Denis Smalley (City University, Northampton Square, London) coined the term spectromorphology as a conceptualization and term used to describe "the interaction between sound spectra and the ways they change and are shaped through time." This conceptualization is particularly helpful when thinking about electroacoustic music that is more concerned with spectral qualities and their temporal evolution. If music is based more on the traditional compositional model where specific notes play a primary role or if the work is organized metrically, then spectromorphological thinking is not helpful. Smalley further states that "spectromorphological thinking is primarily concerned with music which is partly or wholly acousmatic, that is, music where (in live performance) the sources and causes of the sounds are invisible—a music for loudspeakers alone, or music which mixes live performance with an acousmatic, loudspeaker element." He goes into much further conceptual detail in his article "Spectromorphology: explaining sound-shapes" published in the August 1997 issue of Organised Sound, which I highly recommend.
Is there a difference with the terminology: spatialization, projection and diffusion?
While the scientific community tends to embrace the term spatialization, the use of sound diffusion or sound projection has become a rather controversial issue among some of the electroacoustic community. Projection was used by François Bayle in 1974 when he was describing a music of images shot and developed in the studio and projected in a hall like a film. Bayle stated, "with time, this term—both criticized and adopted, and which at first may strike one as severe—has softened through repeated use within the community of composers, and now serves to demarcate music on a fixed medium..."
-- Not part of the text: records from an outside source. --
text \<open>Test the resolvent on e_(i1,0) in the coordinate k = floor (L/2) where r^(k+1) exp(-k^2) peaks.\<close>
lemma opnorm_block_resolvent_ge:
  assumes s: "\<forall>i. 0 \<le> s i \<and> s i \<le> 1" and i1: "s i1 = 1" and l: "l \<noteq> 0" "cmod l \<le> 1"
  shows "(1 / cmod l) * exp ((ln (1 / cmod l))^2 / 4 - 1) \<le> opnorm (block_resolvent s l)"
proof -
  define e :: "nat \<Rightarrow> complex" where "e n = (if n = prod_encode (i1,0) then 1 else 0)" for n
  have e_sq: "(\<lambda>n. (cmod (e n))^2) = (\<lambda>n. if n = prod_encode (i1,0) then 1 else 0)"
    by (auto simp: e_def)
  have "e \<in> l2" unfolding l2_def mem_Collect_eq e_sq
    by (rule summable_finite[of "{prod_encode (i1,0)}"]) auto
  moreover have "l2norm e = 1" unfolding l2norm_def e_sq
    by (subst suminf_finite[of "{prod_encode (i1,0)}"]) auto
  ultimately have e: "e \<in> l2" "l2norm e = 1" .
  define r where "r = 1 / cmod l"
  have r1: "1 \<le> r" using l by (simp add: r_def field_simps)
  define L where "L = ln r"
  have L0: "0 \<le> L" using r1 by (simp add: L_def)
  define k where "k = nat \<lfloor>L/2\<rfloor>"
  have "block_resolvent s l e (prod_encode (i1,k)) = complex_of_real (exp (-1) ^ (k*k)) / l^(k+1)"
    unfolding block_resolvent_prod_encode i1 shift_base_one
    by (subst sum.remove[of _ k]) (auto simp: e_def intro!: sum.neutral)
  then have "cmod (block_resolvent s l e (prod_encode (i1,k))) = exp (-1) ^ (k*k) * r^(k+1)"
    by (simp add: norm_divide norm_mult norm_power r_def field_simps)
  also have "\<dots> = r * exp (real k * L - (real k)^2)"
  proof -
    have "exp (-1) ^ (k*k) = exp (- ((real k)^2))"
      by (simp add: exp_of_nat_mult[symmetric] power2_eq_square)
    moreover have "r^k = exp (real k * L)" using r1 by (simp add: L_def exp_of_nat_mult)
    ultimately show ?thesis by (simp add: exp_diff exp_minus field_simps)
  qed
  finally have "cmod (block_resolvent s l e (prod_encode (i1,k))) = r * exp (real k * L - (real k)^2)" .
  moreover have "r * exp (L^2/4 - 1) \<le> r * exp (real k * L - (real k)^2)"
    using square_le_floor_completion[of "L/2"] L0 r1 unfolding k_def
    by (intro mult_left_mono) (auto simp: power2_eq_square field_simps)
  moreover have "cmod (block_resolvent s l e (prod_encode (i1,k))) \<le> l2norm (block_resolvent s l e)"
    using l2norm_block_resolvent_le_uniform[OF l(1) e(1) s] by (intro norm_le_l2norm) simp
  moreover have "l2norm (block_resolvent s l e) \<le> opnorm (block_resolvent s l)"
    unfolding opnorm_def using e opnorm_block_resolvent_le(2)[OF l(1) s] by (intro cSup_upper) auto
  ultimately show ?thesis by (simp add: r_def L_def)
qed
text \<open>Let A --g--> Y --> C' realize \<delta>' and A --x--> B --> C realize \<delta> \<in> F(C, A).
  Since h g = x = x 1_A, (ET3) completes (1_A, h) to a morphism of E-triangles (1_A, h, c),
  whence \<delta>' = (1_A)_* \<delta>' = c^* \<delta>, which lies in F.\<close>

lemma ET2_rlz_welltyped:
  assumes "ET2 X" and "rlz X C A d B x y"
  shows "C \<in> Ob X" "A \<in> Ob X" "d \<in> Ext X C A" "B \<in> Ob X" "x \<in> Hom X A B" "y \<in> Hom X B C"
  using conjunct1[OF assms(1)[unfolded ET2_def], rule_format, OF assms(2)] by auto

lemma ET1_category:
  assumes "ET1 X"
  shows "category X"
  using assms unfolding ET1_def additive_cat_def preadditive_def by (elim conjE)

lemma ET1_push_idm:
  assumes "ET1 X" and "C \<in> Ob X" and "A \<in> Ob X" and "d \<in> Ext X C A"
  shows "push X C A A (idm X A) d = d"
proof -
  have "\<forall>C\<in>Ob X. \<forall>A\<in>Ob X. \<forall>d\<in>Ext X C A. push X C A A (idm X A) d = d"
    using assms(1) unfolding ET1_def by (elim conjE) assumption
  with assms(2-4) show ?thesis by blast
qed

lemma category_idm_in_Hom:
  assumes "category X" and "A \<in> Ob X"
  shows "idm X A \<in> Hom X A A"
  using assms unfolding category_def by blast

lemma category_cmp_idm_right:
  assumes "category X" and "A \<in> Ob X" and "B \<in> Ob X" and "f \<in> Hom X A B"
  shows "cmp X f (idm X A) = f"
  using assms unfolding category_def by blast

lemma additive_subfunctor_pull_closed:
  assumes "additive_subfunctor X F" and "A \<in> Ob X" and "C \<in> Ob X" and "C' \<in> Ob X"
    and "c \<in> Hom X C' C" and "d \<in> F C A"
  shows "pull X A C' C c d \<in> F C' A"
  using assms unfolding additive_subfunctor_def by blast

lemma E_triangle_ext_is_pull_of_factor:
  assumes ET1: "ET1 X" and ET2: "ET2 X" and ET3: "ET3 X"
    and T: "E_triangle X A B C x y d" and T': "E_triangle X A Y C' g y' d'"
    and h: "h \<in> Hom X Y B" and x: "x = cmp X h g"
  shows "\<exists>c\<in>Hom X C' C. d' = pull X A C' C c d"
proof -
  have r: "rlz X C A d B x y" and r': "rlz X C' A d' Y g y'"
    using T T' unfolding E_triangle_def by auto
  note typing = ET2_rlz_welltyped[OF ET2 r] ET2_rlz_welltyped[OF ET2 r']
  have cat: "category X" using ET1_category[OF ET1] .
  have idA: "idm X A \<in> Hom X A A" using category_idm_in_Hom[OF cat] typing by blast
  have "cmp X h g = cmp X x (idm X A)"
    using category_cmp_idm_right[OF cat] typing x by simp
  then obtain c where c: "c \<in> Hom X C' C"
    and ext: "push X C' A A (idm X A) d' = pull X A C' C c d"
    using ET3 T' T idA h unfolding ET3_def by blast
  have "push X C' A A (idm X A) d' = d'" using ET1_push_idm[OF ET1] typing by blast
  with c ext show ?thesis by auto
qed

theorem lemma3p11:
  fixes X :: "('o, 'm, 'e, 'z) ext_data_scheme"
    and F :: "'o \<Rightarrow> 'o \<Rightarrow> 'e set"
  assumes "ET1 X" and "ET2 X" and "ET3 X"
    and "additive_subfunctor X F"
    and "F_inflation X F A B x"
    and "E_inflation X A Y g"
    and "h \<in> Hom X Y B"
    and "x = cmp X h g"
  shows "F_inflation X F A Y g"
proof -
  obtain C y d where T: "E_triangle X A B C x y d" and dF: "d \<in> F C A"
    using assms(5) unfolding F_inflation_def by blast
  obtain C' y' d' where T': "E_triangle X A Y C' g y' d'"
    using assms(6) unfolding E_inflation_def by blast
  obtain c where c: "c \<in> Hom X C' C" and d': "d' = pull X A C' C c d"
    using E_triangle_ext_is_pull_of_factor[OF assms(1-3) T T' assms(7,8)] by blast
  have "C \<in> Ob X" and "C' \<in> Ob X" and "A \<in> Ob X"
    using T T' ET2_rlz_welltyped(1,2)[OF assms(2)] unfolding E_triangle_def by blast+
  then have "d' \<in> F C' A"
    using additive_subfunctor_pull_closed[OF assms(4) _ _ _ c dF] d' by blast
  with T' show ?thesis unfolding F_inflation_def by blast
qed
Jonty Harrison prefers the term sound diffusion as he has written, "We now know, that whatever the source point, sound does not travel in a tightly controllable beam but diffuses within a given space."
While this issue will remain contentious, we prefer the term projection, as it has a sense of premeditated deliberacy. So many times, we have witnessed electroacoustic music performances at conferences and festivals with little rehearsal time available, yet the work or works are diffused over a multi-channel system by the composer or engineer, often resulting in the sense of poorly improvised diffusion. This, coupled with the current preoccupation with multi-channel theatre/cinematic sound and home theatre sound systems, has often led young composers to an interest in surround sound as an effect rather than a composed, artistic performance medium. We advocate composed diffusion/projection; a contextual understanding of the music, an awareness of the aesthetic and a development of a methodology and performance practice.
II. Scientific factors for consideration:
Part of our past investigation, as well as, a designed part for future instruction for diffusion/projection includes the following areas:
• ear physiology and Head-Related Transfer Functions
• sound source characteristics
- perceived loudness
- loudness being strongly influenced by frequency and spectral composition of the sound, as demonstrated by Fletcher/Munson research
• host space characteristics
- size of the space / reflective properties
• factors for determining lateral localization
- interaural time difference - time delay information indicating the amount of time it takes to travel the additional space around the head to reach the other ear.
- interaural intensity difference - for midrange frequencies - the comparison of levels of perceived loudness between the left and right ears.
• factors for determining a sound's distance from the observer
- changes in perceived amplitude and spectral composition with higher presence of reflected sound
• positional shift cues
- use of the Doppler effect
• ambisonic theory
- Ambisonics is an extension of the M-S stereo recording technique developed by Alan Blumlein (1930's), involving 4 channels of information (3 perpendicular plane signals and one omnidirectional signal).
III. Investigation and formation of syntax:
Understanding sound diffusion/projection requires specific language and an awareness of associated terms, perceptions and simulation procedures. Having had long conversations and discussions among the members of our collaboration, we soon realized that while we were using many of the same terms, each of us had a different understanding of the terms. We found it necessary to take the time to define many of the basics. While we believe we have just begun to scratch the surface of syntax formation, it was a beginning of the development and understanding of our study of diffusion/projection.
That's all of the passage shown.